Szkicowanie w plenerze

Dziś powracam z tematem szybkich i bardzo szybkich szkiców plenerowych. Miałam wrzucić coś innego, bardziej czasochłonnego, ale myślę, że sezon letni bardziej skłania do powłóczenia się gdzieś z kartkami papieru i ołówkami, więc uznałam, że to jest bardziej "na czasie". 

Być może są ludzie, którzy potrafią uniknąć błędów na szybkich szkicach. Ja do nich nie należę. Niby się staram, ale zawsze coś tam nie gra. Nie ten cień, albo jego brak, nie te kąty, coś jest za duże albo za małe. Za dużo szczegółów albo za mało. Jak w piosence Edyty Geppert - zawsze "za". A jednak lubię w ten sposób spędzać czas i takie szkicowanie sprawia mi przyjemność.
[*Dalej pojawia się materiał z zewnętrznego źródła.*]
(* Let $N, R, k\in\mathbb{N}$. For every choice of bijections $g_1,\dots,g_R:[N]\to[N]$ there exists a depth-$k$ transformer (with learned embeddings) that, without Chain-of-Thought, solves the $k$-hop factual recall problem, i.e. on every input $(s_0,r_1,\dots,r_k)\in[N]\times[R]^k$ it correctly outputs $(g_{r_k}\circ\cdots\circ g_{r_1})(s_0)$, using either of the following architectures: (1) embedding dimension $d=\tilde O(k)$ and MLP width $O(N\cdot R)$; (2) embedding dimension $d=\tilde O(R^k)$ and MLP width $\tilde O(R^k)$.
   Context: Write $[N]=\{1,\dots,N\}$. Subjects are $[N]$, relations are $[R]$, each relation $r$ has a bijection $g_r:[N]\to[N]$. The transformer is over vocabulary $[N]\cup[R]$ with embeddings in $\mathbb{R}^d$; each layer applies (causal, softmax) multi-head self-attention $Z=\sum_h W_V^{(h)}X(A^{(h)})^\top$ with $A^{(h)}=\mathrm{softmax}((W_K^{(h)}X)^\top(W_Q^{(h)}X))$, a residual connection $\tilde X = Z+X$, and a column-wise ReLU MLP with residual connection $X'=\tilde X+\mathrm{MLP}(\tilde X)$; "depth $k$" means $k$ such layers, and MLP width is its hidden width. The notation $\tilde O(\cdot)$ suppresses logarithmic factors (in $N$, $R$, $k$). *)

theory Defs
  imports Complex_Main
begin

text \<open>Vectors in R^d are functions nat => real (only indices < d are read);
  d x d' matrices are functions nat => nat => real.\<close>

type_synonym vec = "nat \<Rightarrow> real"
type_synonym mat = "nat \<Rightarrow> nat \<Rightarrow> real"

datatype token = Subj nat | Rel nat

definition vocab :: "nat \<Rightarrow> nat \<Rightarrow> token set" where
  "vocab N R = Subj ` {1..N} \<union> Rel ` {1..R}"

definition mv :: "nat \<Rightarrow> mat \<Rightarrow> vec \<Rightarrow> vec" where
  "mv n A x = (\<lambda>i. \<Sum>j<n. A i j * x j)"

definition ip :: "nat \<Rightarrow> vec \<Rightarrow> vec \<Rightarrow> real" where
  "ip n x y = (\<Sum>i<n. x i * y i)"

text \<open>An attention head: (W_Q, W_K, W_V), all d x d
  (W_K^T W_Q ranges over all d x d bilinear forms).\<close>
type_synonym head = "mat \<times> mat \<times> mat"

definition attn_score :: "nat \<Rightarrow> head \<Rightarrow> (nat \<Rightarrow> vec) \<Rightarrow> nat \<Rightarrow> nat \<Rightarrow> real" where
  "attn_score d h X j i =
     (case h of (WQ, WK, WV) \<Rightarrow> ip d (mv d WK (X j)) (mv d WQ (X i)))"

definition attn_weight :: "nat \<Rightarrow> head \<Rightarrow> (nat \<Rightarrow> vec) \<Rightarrow> nat \<Rightarrow> nat \<Rightarrow> real" where
  "attn_weight d h X j i =
     exp (attn_score d h X j i) / (\<Sum>j'\<le>i. exp (attn_score d h X j' i))"

definition mhsa :: "nat \<Rightarrow> head list \<Rightarrow> (nat \<Rightarrow> vec) \<Rightarrow> (nat \<Rightarrow> vec)" where
  "mhsa d hs X = (\<lambda>i c. \<Sum>h\<leftarrow>hs. \<Sum>j\<le>i.
       attn_weight d h X j i * mv d (snd (snd h)) (X j) c)"

definition mlp :: "nat \<Rightarrow> nat \<Rightarrow> mat \<Rightarrow> vec \<Rightarrow> mat \<Rightarrow> vec \<Rightarrow> vec \<Rightarrow> vec" where
  "mlp d m W1 b1 W2 b2 x =
     (let hid = (\<lambda>a. max 0 (mv d W1 x a + b1 a)) in (\<lambda>i. mv m W2 hid i + b2 i))"

type_synonym layer = "head list \<times> mat \<times> vec \<times> mat \<times> vec"

definition apply_layer :: "nat \<Rightarrow> nat \<Rightarrow> layer \<Rightarrow> (nat \<Rightarrow> vec) \<Rightarrow> (nat \<Rightarrow> vec)" where
  "apply_layer d m L X =
     (case L of (hs, W1, b1, W2, b2) \<Rightarrow>
        let Xt = (\<lambda>i c. mhsa d hs X i c + X i c)
        in (\<lambda>i c. Xt i c + mlp d m W1 b1 W2 b2 (Xt i) c))"

record transformer =
  tf_dim :: nat
  tf_width :: nat
  tf_emb :: "token \<Rightarrow> vec"
  tf_layers :: "layer list"
  tf_unemb :: "token \<Rightarrow> vec"

definition tf_run :: "transformer \<Rightarrow> token list \<Rightarrow> (nat \<Rightarrow> vec)" where
  "tf_run T ts =
     foldl (\<lambda>X L. apply_layer (tf_dim T) (tf_width T) L X)
           (\<lambda>i. tf_emb T (ts ! i)) (tf_layers T)"

definition tf_logit :: "transformer \<Rightarrow> token list \<Rightarrow> token \<Rightarrow> real" where
  "tf_logit T ts t = ip (tf_dim T) (tf_unemb T t) (tf_run T ts (length ts - 1))"

definition tf_outputs :: "transformer \<Rightarrow> token set \<Rightarrow> token list \<Rightarrow> token \<Rightarrow> bool" where
  "tf_outputs T V ts t \<longleftrightarrow> t \<in> V \<and> (\<forall>t'\<in>V. t' \<noteq> t \<longrightarrow> tf_logit T ts t' < tf_logit T ts t)"

definition khop :: "(nat \<Rightarrow> nat \<Rightarrow> nat) \<Rightarrow> nat \<Rightarrow> nat list \<Rightarrow> nat" where
  "khop g s0 rs = foldl (\<lambda>s r. g r s) s0 rs"

definition solves_khop :: "transformer \<Rightarrow> nat \<Rightarrow> nat \<Rightarrow> nat \<Rightarrow> (nat \<Rightarrow> nat \<Rightarrow> nat) \<Rightarrow> bool" where
  "solves_khop T N R k g \<longleftrightarrow>
     (\<forall>s0\<in>{1..N}. \<forall>rs. length rs = k \<longrightarrow> set rs \<subseteq> {1..R} \<longrightarrow>
        tf_outputs T (vocab N R) (Subj s0 # map Rel rs) (Subj (khop g s0 rs)))"

end

theory Submission
  imports Defs
begin

text \<open>Both transformers attend uniformly (zero query and key matrices), so each layer's
  attention only averages the prefix and all computation happens in the MLPs. The first layer
  writes 1/(j+1) at every position j; these values differ by at least 1/(k+1)^2 between
  positions, so adding a large multiple of them to the MLP pre-activations of layer l switches
  off every position except l.

  In the first construction, layer l reads at position l the intermediate subject s (averaged
  from position l - 1) and the relation r, and looks up g r s in a table of N R tent functions,
  one per pair (s, r). In the second, the subject embedding stores the answers for all R^k
  relation sequences; layers 1, ..., k - 1 assemble the base-R code z of the relation sequence,
  and the last layer reads off the answer for z with pairs of ReLUs. In both cases the answer a
  is decoded by the logits 2 s a - s^2 = a^2 - (s - a)^2, which are maximal exactly at s = a.\<close>

section \<open>Sums and piecewise-linear gadgets\<close>

lemma sum_lessThan_mult_div_mod:
  fixes m n :: nat
  shows "(\<Sum>a<m * n. f (a div m) (a mod m)) = (\<Sum>q<n. \<Sum>t<m. f q t)"
proof -
  have "(\<Sum>a<m * n. f (a div m) (a mod m)) = (\<Sum>q<n. \<Sum>a\<in>{q * m..<q * m + m}. f (a div m) (a mod m))"
    using sum.nat_group[where g="\<lambda>a. f (a div m) (a mod m)" and n=n and k=m] by (simp add: mult.commute)
  also have "\<dots> = (\<Sum>q<n. \<Sum>t<m. f q t)"
  proof (rule sum.cong[OF refl])
    fix q
    have "(\<Sum>a\<in>{q * m..<q * m + m}. f (a div m) (a mod m))
        = (\<Sum>t\<in>{0..<m}. f ((t + q * m) div m) ((t + q * m) mod m))"
      using sum.shift_bounds_nat_ivl[of "\<lambda>a. f (a div m) (a mod m)" 0 "q * m" m] by (simp add: add.commute)
    also have "\<dots> = (\<Sum>t<m. f q t)"
      by (rule sum.cong) auto
    finally show "(\<Sum>a\<in>{q * m..<q * m + m}. f (a div m) (a mod m)) = (\<Sum>t<m. f q t)" .
  qed
  finally show ?thesis .
qed

lemma sum_lessThan_if_eq_mult:
  fixes \<alpha> :: "'a::semiring_0" and x :: "nat \<Rightarrow> 'a"
  shows "(\<Sum>c<d. (if c = a then \<alpha> else 0) * x c) = (if a < d then \<alpha> * x a else 0)"
proof -
  have "(\<Sum>c<d. (if c = a then \<alpha> else 0) * x c) = (\<Sum>c<d. if c = a then \<alpha> * x a else 0)"
    by (rule sum.cong) auto
  then show ?thesis by simp
qed

lemma sum_backward_differences:
  fixes T :: "nat \<Rightarrow> real"
  assumes "z < n"
  shows "(\<Sum>b<n. if b \<le> z then T b - (if b = 0 then 0 else T (b - 1)) else 0) = T z"
proof -
  have telescope: "(\<Sum>b\<le>z. T b - (if b = 0 then 0 else T (b - 1))) = T z" for z
    by (induction z) auto
  have "(\<Sum>b<n. if b \<le> z then T b - (if b = 0 then 0 else T (b - 1)) else 0)
      = (\<Sum>b\<in>{..<n} \<inter> {b. b \<le> z}. T b - (if b = 0 then 0 else T (b - 1)))"
    by (simp add: sum.inter_restrict)
  also have "{..<n} \<inter> {b. b \<le> z} = {..z}" using assms by auto
  finally show ?thesis using telescope by simp
qed

lemma inverse_Suc_gap:
  assumes "l < i" "i \<le> k"
  shows "1 / (real k + 1)^2 \<le> 1 / (real l + 1) - 1 / (real i + 1)"
proof -
  define P where "P = (real i + 1) * (real l + 1)"
  have P_pos: "P > 0" unfolding P_def by simp
  have "1 / (real l + 1) - 1 / (real i + 1) = (real i - real l) / P"
    unfolding P_def by (simp add: field_simps)
  moreover have "1 / P \<le> (real i - real l) / P"
    using assms P_pos by (simp add: divide_right_mono)
  moreover have "P \<le> (real k + 1)^2"
    using assms unfolding P_def by (simp add: power2_eq_square mult_mono)
  then have "1 / (real k + 1)^2 \<le> 1 / P" using P_pos by (simp add: frac_le)
  ultimately show ?thesis by linarith
qed

definition tent_coef :: "nat \<Rightarrow> real" where
  "tent_coef t = [2, -4, 2] ! t"

definition tent_shift :: "nat \<Rightarrow> real" where
  "tent_shift t = [1/2, 0, -1/2] ! t"

definition tent :: "real \<Rightarrow> real" where
  "tent x = (\<Sum>t<3. tent_coef t * max 0 (x + tent_shift t))"

lemma tent_eq_0: "1/2 \<le> \<bar>x\<bar> \<Longrightarrow> tent x = 0"
  by (cases "x \<ge> 0") (simp_all add: tent_def tent_coef_def tent_shift_def numeral_3_eq_3 max_def)

lemma tent_of_nat_diff: "tent (real a - real b) = (if a = b then 1 else 0)"
proof (cases "a = b")
  case False
  then have "\<bar>real a - real b\<bar> \<ge> 1" by linarith
  then show ?thesis using False tent_eq_0 by simp
qed (simp add: tent_def tent_coef_def tent_shift_def numeral_3_eq_3)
Pierwszy rysunek miał być szybszy, ale zaabsorbowała mnie brama i cegiełki. Poświęciłam więc im więcej czasu. Tempo zwiększyłam dopiero na drzewach, co widać, bo już mnie wołano, żebym się ruszyła ;) To musi być trudne, wybrać się na wycieczkę z takim spowalniaczem ;)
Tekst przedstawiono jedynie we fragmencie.